Items listed in a dataset:
++++++++++++++++++++

(* Let $\mathcal M$ be a non-empty compact, locally connected Hausdorff space, $\vec\varphi:\mathcal M\to\mathbb R^k$ continuous, and $\vec x,\vec y\in\mathbb R^k$ with $x_i\le y_i$ for all $i$. Then $\lim_{\varepsilon\to0^+}\ell_{(\mathcal M,\vec\varphi)}(\vec x,(y_1+\varepsilon,\dots,y_k+\varepsilon))$ equals the number $L(\vec x,\vec y)\in\mathbb N\cup\{+\infty\}$ of equivalence classes of $\mathcal M\langle\vec\varphi\preceq\vec x\rangle$ with respect to the $\langle\vec\varphi\preceq\vec y\rangle$-connectedness relation.
   Context: For $\vec t\in\mathbb R^k$, $\mathcal M\langle\vec\varphi\preceq\vec t\rangle=\{P\in\mathcal M:\varphi_i(P)\le t_i\ \forall i\}$. $P,Q$ are $\langle\vec\varphi\preceq\vec t\rangle$-connected if a connected subset of $\mathcal M\langle\vec\varphi\preceq\vec t\rangle$ contains both. For $\vec x,\vec y$ with $x_i<y_i$ for all $i$, the size function $\ell_{(\mathcal M,\vec\varphi)}(\vec x,\vec y)$ is the number of equivalence classes of $\mathcal M\langle\vec\varphi\preceq\vec x\rangle$ under $\langle\vec\varphi\preceq\vec y\rangle$-connectedness. *)

theory Defs
  imports "HOL-Analysis.Analysis"
begin

definition sublevel :: "'a topology \<Rightarrow> ('a \<Rightarrow> real^'k) \<Rightarrow> real^'k \<Rightarrow> 'a set" where
  "sublevel X phi t = {P \<in> topspace X. \<forall>i. phi P $ i \<le> t $ i}"

definition sub_connected :: "'a topology \<Rightarrow> ('a \<Rightarrow> real^'k) \<Rightarrow> real^'k \<Rightarrow> 'a \<Rightarrow> 'a \<Rightarrow> bool" where
  "sub_connected X phi t P Q \<longleftrightarrow>
     (\<exists>C. C \<subseteq> sublevel X phi t \<and> connectedin X C \<and> P \<in> C \<and> Q \<in> C)"

definition num_classes :: "'a topology \<Rightarrow> ('a \<Rightarrow> real^'k) \<Rightarrow> real^'k \<Rightarrow> real^'k \<Rightarrow> enat" where
  "num_classes X phi x y =
     (let Q = sublevel X phi x // {(P, P'). P \<in> sublevel X phi x \<and> P' \<in> sublevel X phi x
                                             \<and> sub_connected X phi y P P'}
      in if finite Q then enat (card Q) else \<infinity>)"

text \<open>The size function ell(x,y) (meaningful for x_i < y_i for all i).\<close>
definition size_function :: "'a topology \<Rightarrow> ('a \<Rightarrow> real^'k) \<Rightarrow> real^'k \<Rightarrow> real^'k \<Rightarrow> enat" where
  "size_function X phi x y = num_classes X phi x y"

end

theory Submission
  imports Defs
begin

++++++++++++++++++++

→ **About this task**: Copy every line from the data that includes the string "sublevel".

→ **Completed exercise**:
definition sublevel :: "'a topology \<Rightarrow> ('a \<Rightarrow> real^'k) \<Rightarrow> real^'k \<Rightarrow> 'a set" where
  "sublevel X phi t = {P \<in> topspace X. \<forall>i. phi P $ i \<le> t $ i}"
     (\<exists>C. C \<subseteq> sublevel X phi t \<and> connectedin X C \<and> P \<in> C \<and> Q \<in> C)"
     (let Q = sublevel X phi x // {(P, P'). P \<in> sublevel X phi x \<and> P' \<in> sublevel X phi x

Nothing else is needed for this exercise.